The position of the court should be considered a compromise between the demands of the franc debtors and the interest of the banking sector. Consumers, as the weaker party in a dispute with financial institutions, have the opportunity to claim their rights both before the Court and by amicable settlement of the dispute. On the other hand, banks have gained the opportunity to claim the return of capital from borrowers, and even remuneration for using the capital, without fear that clients will submit an effective plea of limitation. Otherwise, given that most of the Swiss franc loans were taken out more than 10 years ago, the entire financial sector would suffer huge losses.

Both "Swiss franc borrowers" and banks were also waiting for the ruling of the entire Chamber of the Supreme Court, which had already been postponed several times.
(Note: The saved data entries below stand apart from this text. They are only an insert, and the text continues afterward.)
text \<open>Let \<open>\<rho>\<close> be the (idempotent) label of the cell \<open>C\<close>, \<open>X F\<close> the label of the face of \<open>C\<close>
  spanned by the vertex set \<open>F\<close>, and \<open>g a = X {0, a}\<close> the edge from the root to \<open>a\<close> (\<open>g 0 = 1\<close>).
  One shows \<open>\<rho> g a X = \<rho> g b\<close> whenever \<open>X\<close> is the label of a step of a path in \<open>\<partial>\<Delta>\<^sup>k\<close> from
  \<open>a\<close> to \<open>b\<close>, by induction on the dimension of the cell. For a triangle this is
  \<open>\<rho> = \<rho> X\<^sub>0\<^sub>1 X\<^sub>1\<^sub>2 X\<^sub>0\<^sub>2\<^sup>-\<^sup>1\<close> rearranged with Wagner's identities. For a higher cell the relation
  \<open>\<rho> = \<rho> bl(\<rho>)\<close> shows that \<open>\<rho>\<close> absorbs every facet \<open>\<rho>\<^sub>i\<close>, \<open>i \<ge> 1\<close>, so the identities of
  these facets lift to \<open>\<rho>\<close>; the remaining facet \<open>\<rho>\<^sub>0\<close>, opposite the root, is handled by the
  relation itself. Chaining the identities along a closed path \<open>p\<close> at the root gives \<open>\<rho> p = \<rho>\<close>,
  i.e. \<open>\<rho> \<le> p\<close> in the natural order.\<close>

section \<open>Inverse monoids\<close>

locale monoid_on =
  fixes G :: "'a set" and mul :: "'a \<Rightarrow> 'a \<Rightarrow> 'a" (infixl "\<odot>" 70) and one :: 'a
  assumes mul_closed[simp]: "x \<in> G \<Longrightarrow> y \<in> G \<Longrightarrow> x \<odot> y \<in> G"
    and one_closed[simp]: "one \<in> G"
    and assoc[simp]: "x \<in> G \<Longrightarrow> y \<in> G \<Longrightarrow> z \<in> G \<Longrightarrow> x \<odot> y \<odot> z = x \<odot> (y \<odot> z)"
    and left_unit[simp]: "x \<in> G \<Longrightarrow> one \<odot> x = x"
    and right_unit[simp]: "x \<in> G \<Longrightarrow> x \<odot> one = x"
begin

lemma assoc_left: "x \<in> G \<Longrightarrow> y \<in> G \<Longrightarrow> z \<in> G \<Longrightarrow> x \<odot> (y \<odot> z) = x \<odot> y \<odot> z"
  by simp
On May 11, 2021, the Supreme Court, examining the request of the First, the President of the Supreme Court of January 29, 2021, at a closed session, decided to notify the Ombudsman and Children's Ombudsman of the ongoing proceedings, and asked for these entities to take a position on the legal issues covered by the request of the First The President of the Supreme Court. Moreover, the Supreme Court decided to request that the President of the National Bank of Poland, the Polish Financial Supervision Authority and the Financial Ombudsman take such a position. These institutions have 30 days to provide their opinion. According to the statement of the spokesman, the Supreme Court made such a decision taking into account the social and economic importance of the issues presented to it for resolution.

Borrowers and their lawyers are disappointed by waiting the next few months for a decision, particularly considering that courts all over Poland waited for the resolution to be issued before issuing judgments. On the other hand, the banking sector indicates a sensible approach, as the Supreme Court considers important issues that must be consulted with other entities.